▶ WHAT THE TASK REQUIRES
Output the records again verbatim.

▶ EXERCISE DATA
lemma equispaced_window_count:
  assumes T: "T \<ge> 1" and "equispaced T x"
  shows "window_count T x s h = \<lfloor>h\<rfloor> \<or> window_count T x s h = \<lfloor>h\<rfloor> + 1"
proof -
  define r where "r = s - x 0"
  have "window_count T x s h = (\<Sum>i<T. \<lfloor>(r + h - real i) / real T\<rfloor> - \<lfloor>(r - real i) / real T\<rfloor>)"
    unfolding window_count_def multiples_count_def
  proof (intro sum.cong refl)
    fix i assume "i \<in> {..<T}"
    then have "x i = x 0 + real i" using assms(2) unfolding equispaced_def by blast
    then show "\<lfloor>(s - x i + h) / real T\<rfloor> - \<lfloor>(s - x i) / real T\<rfloor>
        = \<lfloor>(r + h - real i) / real T\<rfloor> - \<lfloor>(r - real i) / real T\<rfloor>"
      by (simp add: r_def algebra_simps)
  qed
  also have "\<dots> = (\<Sum>i<T. \<lfloor>(r + h - real i) / real T\<rfloor>) - (\<Sum>i<T. \<lfloor>(r - real i) / real T\<rfloor>)"
    by (simp only: sum_subtractf)
  also have "\<dots> = \<lfloor>r + h\<rfloor> - \<lfloor>r\<rfloor>" unfolding sum_floor_shifts[OF T] by simp
  finally show ?thesis using floor_add[of r h] by (auto split: if_splits)
qed

lemma eq_config_is_config: "is_config T eq_config"
  unfolding is_config_def eq_config_def by auto

lemma equispaced_eq_config: "equispaced T eq_config"
  unfolding equispaced_def eq_config_def by simp

lemma finite_conf_count_set:
  assumes "T \<ge> 1" shows "finite {(i::nat, k::int). i < T \<and> x i + of_int k * real T = y}"
proof (rule finite_subset)
  show "{(i::nat, k::int). i < T \<and> x i + of_int k * real T = y}
    \<subseteq> (\<lambda>i. (i, \<lfloor>(y - x i) / real T\<rfloor>)) ` {..<T}"
  proof
    fix z assume "z \<in> {(i::nat, k::int). i < T \<and> x i + of_int k * real T = y}"
    then obtain i k where z: "z = (i, k)" "i < T" "x i + of_int k * real T = y" by auto
    then have "(y - x i) / real T = of_int k" using assms by (simp add: field_simps)
    then show "z \<in> (\<lambda>i. (i, \<lfloor>(y - x i) / real T\<rfloor>)) ` {..<T}" using z by auto
  qed
qed simp

lemma conf_count_eq_config_le_1: "conf_count T eq_config z \<le> 1"
proof -
  define E where "E = {(i::nat, k::int). i < T \<and> eq_config i + of_int k * real T = z}"
  have "a = b" if "a \<in> E" "b \<in> E" for a b
  proof -
    obtain i k i' k' where ab: "a = (i, k)" "b = (i', k')" by fastforce
    with that have "i < T" "i' < T" "real i + of_int k * real T = real i' + of_int k' * real T"
      by (auto simp: E_def eq_config_def)
    then have "real_of_int (int i + k * int T) = real_of_int (int i' + k' * int T)" by simp
    then have e: "int i + k * int T = int i' + k' * int T" by (simp only: of_int_eq_iff)
    have "int i mod int T = (int i + k * int T) mod int T" by simp
    also have "\<dots> = int i' mod int T" unfolding e by simp
    finally have "int i mod int T = int i' mod int T" .
    then have "i = i'" using \<open>i < T\<close> \<open>i' < T\<close> by simp
    then show ?thesis using e ab \<open>i < T\<close> by simp
  qed
  then show ?thesis
    unfolding conf_count_def E_def[symmetric] by (cases "finite E") (auto simp: card_le_Suc0_iff_eq)
qed

lemma unit_gaps_equispaced:
  assumes gaps: "\<And>i. i + 1 < T \<Longrightarrow> 1 \<le> x (i + 1) - x i"
    and width: "x (T - 1) - x 0 \<le> real T - 1"
  shows "equispaced T x"
proof -
  have up: "x i + real k \<le> x (i + k)" if "i + k < T" for i k
    using that
  proof (induction k)
    case (Suc k)
    then show ?case using gaps[of "i + k"] by simp
  qed simp
  show ?thesis unfolding equispaced_def
  proof clarify
    fix i assume i: "i < T"
    have "x i + real (T - 1 - i) \<le> x (T - 1)" using up[of i "T - 1 - i"] i by simp
    then show "x i = x 0 + real i" using up[of 0 i] i width by (simp add: of_nat_diff)
  qed
qed

lemma equispaced_imp_conf_translate_eq:
  assumes "equispaced T x"
  shows "conf_translate_eq T x eq_config (x 0)"
proof -
  have "x i + of_int k * real T = y \<longleftrightarrow> eq_config i + of_int k * real T = y - x 0" if "i < T" for i k y
  proof -
    have "x i = x 0 + real i" using assms that unfolding equispaced_def by blast
    then show ?thesis by (auto simp: eq_config_def)
  qed
  then show ?thesis unfolding conf_translate_eq_def conf_count_def
    by (intro allI arg_cong[where f=card]) auto
qed

lemma conf_translate_eq_eq_config_points:
  assumes T: "T \<ge> 1" and tr: "conf_translate_eq T x eq_config a" and i: "i < T"
  shows "x i - a \<in> \<int>" and "j < T \<Longrightarrow> i \<noteq> j \<Longrightarrow> x i \<noteq> x j"
proof -
  define X where "X y = {(i::nat, k::int). i < T \<and> x i + of_int k * real T = y}" for y
  have card_X: "card (X y) = conf_count T eq_config (y - a)" for y
    using tr unfolding conf_translate_eq_def conf_count_def X_def by simp
  have finite_X: "finite (X y)" for y
    unfolding X_def by (rule finite_conf_count_set[OF T])
  have "card (X (x i)) \<noteq> 0" using finite_X[of "x i"] i by (auto simp: X_def)
  then have "{(j, k). j < T \<and> eq_config j + of_int k * real T = x i - a} \<noteq> {}"
    unfolding card_X conf_count_def by (metis card.empty)
  then obtain i' k where "real i' + of_int k * real T = x i - a" by (auto simp: eq_config_def)
  then have "x i - a = of_int (int i' + k * int T)" by simp
  then show "x i - a \<in> \<int>" by simp
  show "x i \<noteq> x j" if "j < T" "i \<noteq> j"
  proof
    assume "x i = x j"
    then have "{(i, 0), (j, 0)} \<subseteq> X (x i)" using i that by (auto simp: X_def)
    then have "card {(i, 0::int), (j, 0)} \<le> card (X (x i))" by (intro card_mono finite_X)
    then show False using conf_count_eq_config_le_1[of T "x i - a"] card_X[of "x i"] that by simp
  qed
qed

lemma conf_translate_eq_imp_equispaced:
  assumes T: "T \<ge> 1" and cfg: "is_config T x" and tr: "conf_translate_eq T x eq_config a"
  shows "equispaced T x"
proof -
  note points = conf_translate_eq_eq_config_points[OF T tr]
  have diff_Ints: "x j - x i \<in> \<int>" if "i < T" "j < T" for i j
    using Ints_diff[OF points(1)[OF that(2)] points(1)[OF that(1)]] by simp
  show ?thesis
  proof (rule unit_gaps_equispaced)
    fix i assume i: "i + 1 < T"
    have "x i \<le> x (i + 1)" using cfg i unfolding is_config_def by auto
    moreover have "x (i + 1) \<noteq> x i" using points(2)[of "i + 1" i] i by simp
    ultimately show "1 \<le> x (i + 1) - x i"
      using Ints_nonzero_abs_ge1[OF diff_Ints[of i "i + 1"]] i by simp
  next
    obtain m where m: "x (T - 1) - x 0 = of_int m" using diff_Ints[of 0 "T - 1"] T by (auto elim: Ints_cases)
    have "x (T - 1) < real T" "0 \<le> x 0" using cfg T unfolding is_config_def by auto
    then have "m < int T" using m by linarith
    then show "x (T - 1) - x 0 \<le> real T - 1" using m by linarith
  qed
qed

▶ SOLUTION FOR THIS PROBLEM
lemma equispaced_window_count:
  assumes T: "T \<ge> 1" and "equispaced T x"
  shows "window_count T x s h = \<lfloor>h\<rfloor> \<or> window_count T x s h = \<lfloor>h\<rfloor> + 1"
proof -
  define r where "r = s - x 0"
  have "window_count T x s h = (\<Sum>i<T. \<lfloor>(r + h - real i) / real T\<rfloor> - \<lfloor>(r - real i) / real T\<rfloor>)"
    unfolding window_count_def multiples_count_def
  proof (intro sum.cong refl)
    fix i assume "i \<in> {..<T}"
    then have "x i = x 0 + real i" using assms(2) unfolding equispaced_def by blast
    then show "\<lfloor>(s - x i + h) / real T\<rfloor> - \<lfloor>(s - x i) / real T\<rfloor>
        = \<lfloor>(r + h - real i) / real T\<rfloor> - \<lfloor>(r - real i) / real T\<rfloor>"
      by (simp add: r_def algebra_simps)
  qed
  also have "\<dots> = (\<Sum>i<T. \<lfloor>(r + h - real i) / real T\<rfloor>) - (\<Sum>i<T. \<lfloor>(r - real i) / real T\<rfloor>)"
    by (simp only: sum_subtractf)
  also have "\<dots> = \<lfloor>r + h\<rfloor> - \<lfloor>r\<rfloor>" unfolding sum_floor_shifts[OF T] by simp
  finally show ?thesis using floor_add[of r h] by (auto split: if_splits)
qed

lemma eq_config_is_config: "is_config T eq_config"
  unfolding is_config_def eq_config_def by auto

lemma equispaced_eq_config: "equispaced T eq_config"
  unfolding equispaced_def eq_config_def by simp

lemma finite_conf_count_set:
  assumes "T \<ge> 1" shows "finite {(i::nat, k::int). i < T \<and> x i + of_int k * real T = y}"
proof (rule finite_subset)
  show "{(i::nat, k::int). i < T \<and> x i + of_int k * real T = y}
    \<subseteq> (\<lambda>i. (i, \<lfloor>(y - x i) / real T\<rfloor>)) ` {..<T}"
  proof
    fix z assume "z \<in> {(i::nat, k::int). i < T \<and> x i + of_int k * real T = y}"
    then obtain i k where z: "z = (i, k)" "i < T" "x i + of_int k * real T = y" by auto
    then have "(y - x i) / real T = of_int k" using assms by (simp add: field_simps)
    then show "z \<in> (\<lambda>i. (i, \<lfloor>(y - x i) / real T\<rfloor>)) ` {..<T}" using z by auto
  qed
qed simp

lemma conf_count_eq_config_le_1: "conf_count T eq_config z \<le> 1"
proof -
  define E where "E = {(i::nat, k::int). i < T \<and> eq_config i + of_int k * real T = z}"
  have "a = b" if "a \<in> E" "b \<in> E" for a b
  proof -
    obtain i k i' k' where ab: "a = (i, k)" "b = (i', k')" by fastforce
    with that have "i < T" "i' < T" "real i + of_int k * real T = real i' + of_int k' * real T"
      by (auto simp: E_def eq_config_def)
    then have "real_of_int (int i + k * int T) = real_of_int (int i' + k' * int T)" by simp
    then have e: "int i + k * int T = int i' + k' * int T" by (simp only: of_int_eq_iff)
    have "int i mod int T = (int i + k * int T) mod int T" by simp
    also have "\<dots> = int i' mod int T" unfolding e by simp
    finally have "int i mod int T = int i' mod int T" .
    then have "i = i'" using \<open>i < T\<close> \<open>i' < T\<close> by simp
    then show ?thesis using e ab \<open>i < T\<close> by simp
  qed
  then show ?thesis
    unfolding conf_count_def E_def[symmetric] by (cases "finite E") (auto simp: card_le_Suc0_iff_eq)
qed

lemma unit_gaps_equispaced:
  assumes gaps: "\<And>i. i + 1 < T \<Longrightarrow> 1 \<le> x (i + 1) - x i"
    and width: "x (T - 1) - x 0 \<le> real T - 1"
  shows "equispaced T x"
proof -
  have up: "x i + real k \<le> x (i + k)" if "i + k < T" for i k
    using that
  proof (induction k)
    case (Suc k)
    then show ?case using gaps[of "i + k"] by simp
  qed simp
  show ?thesis unfolding equispaced_def
  proof clarify
    fix i assume i: "i < T"
    have "x i + real (T - 1 - i) \<le> x (T - 1)" using up[of i "T - 1 - i"] i by simp
    then show "x i = x 0 + real i" using up[of 0 i] i width by (simp add: of_nat_diff)
  qed
qed

lemma equispaced_imp_conf_translate_eq:
  assumes "equispaced T x"
  shows "conf_translate_eq T x eq_config (x 0)"
proof -
  have "x i + of_int k * real T = y \<longleftrightarrow> eq_config i + of_int k * real T = y - x 0" if "i < T" for i k y
  proof -
    have "x i = x 0 + real i" using assms that unfolding equispaced_def by blast
    then show ?thesis by (auto simp: eq_config_def)
  qed
  then show ?thesis unfolding conf_translate_eq_def conf_count_def
    by (intro allI arg_cong[where f=card]) auto
qed

lemma conf_translate_eq_eq_config_points:
  assumes T: "T \<ge> 1" and tr: "conf_translate_eq T x eq_config a" and i: "i < T"
  shows "x i - a \<in> \<int>" and "j < T \<Longrightarrow> i \<noteq> j \<Longrightarrow> x i \<noteq> x j"
proof -
  define X where "X y = {(i::nat, k::int). i < T \<and> x i + of_int k * real T = y}" for y
  have card_X: "card (X y) = conf_count T eq_config (y - a)" for y
    using tr unfolding conf_translate_eq_def conf_count_def X_def by simp
  have finite_X: "finite (X y)" for y
    unfolding X_def by (rule finite_conf_count_set[OF T])
  have "card (X (x i)) \<noteq> 0" using finite_X[of "x i"] i by (auto simp: X_def)
  then have "{(j, k). j < T \<and> eq_config j + of_int k * real T = x i - a} \<noteq> {}"
    unfolding card_X conf_count_def by (metis card.empty)
  then obtain i' k where "real i' + of_int k * real T = x i - a" by (auto simp: eq_config_def)
  then have "x i - a = of_int (int i' + k * int T)" by simp
  then show "x i - a \<in> \<int>" by simp
  show "x i \<noteq> x j" if "j < T" "i \<noteq> j"
  proof
    assume "x i = x j"
    then have "{(i, 0), (j, 0)} \<subseteq> X (x i)" using i that by (auto simp: X_def)
    then have "card {(i, 0::int), (j, 0)} \<le> card (X (x i))" by (intro card_mono finite_X)
    then show False using conf_count_eq_config_le_1[of T "x i - a"] card_X[of "x i"] that by simp
  qed
qed

lemma conf_translate_eq_imp_equispaced:
  assumes T: "T \<ge> 1" and cfg: "is_config T x" and tr: "conf_translate_eq T x eq_config a"
  shows "equispaced T x"
proof -
  note points = conf_translate_eq_eq_config_points[OF T tr]
  have diff_Ints: "x j - x i \<in> \<int>" if "i < T" "j < T" for i j
    using Ints_diff[OF points(1)[OF that(2)] points(1)[OF that(1)]] by simp
  show ?thesis
  proof (rule unit_gaps_equispaced)
    fix i assume i: "i + 1 < T"
    have "x i \<le> x (i + 1)" using cfg i unfolding is_config_def by auto
    moreover have "x (i + 1) \<noteq> x i" using points(2)[of "i + 1" i] i by simp
    ultimately show "1 \<le> x (i + 1) - x i"
      using Ints_nonzero_abs_ge1[OF diff_Ints[of i "i + 1"]] i by simp
  next
    obtain m where m: "x (T - 1) - x 0 = of_int m" using diff_Ints[of 0 "T - 1"] T by (auto elim: Ints_cases)
    have "x (T - 1) < real T" "0 \<le> x 0" using cfg T unfolding is_config_def by auto
    then have "m < int T" using m by linarith
    then show "x (T - 1) - x 0 \<le> real T - 1" using m by linarith
  qed
qed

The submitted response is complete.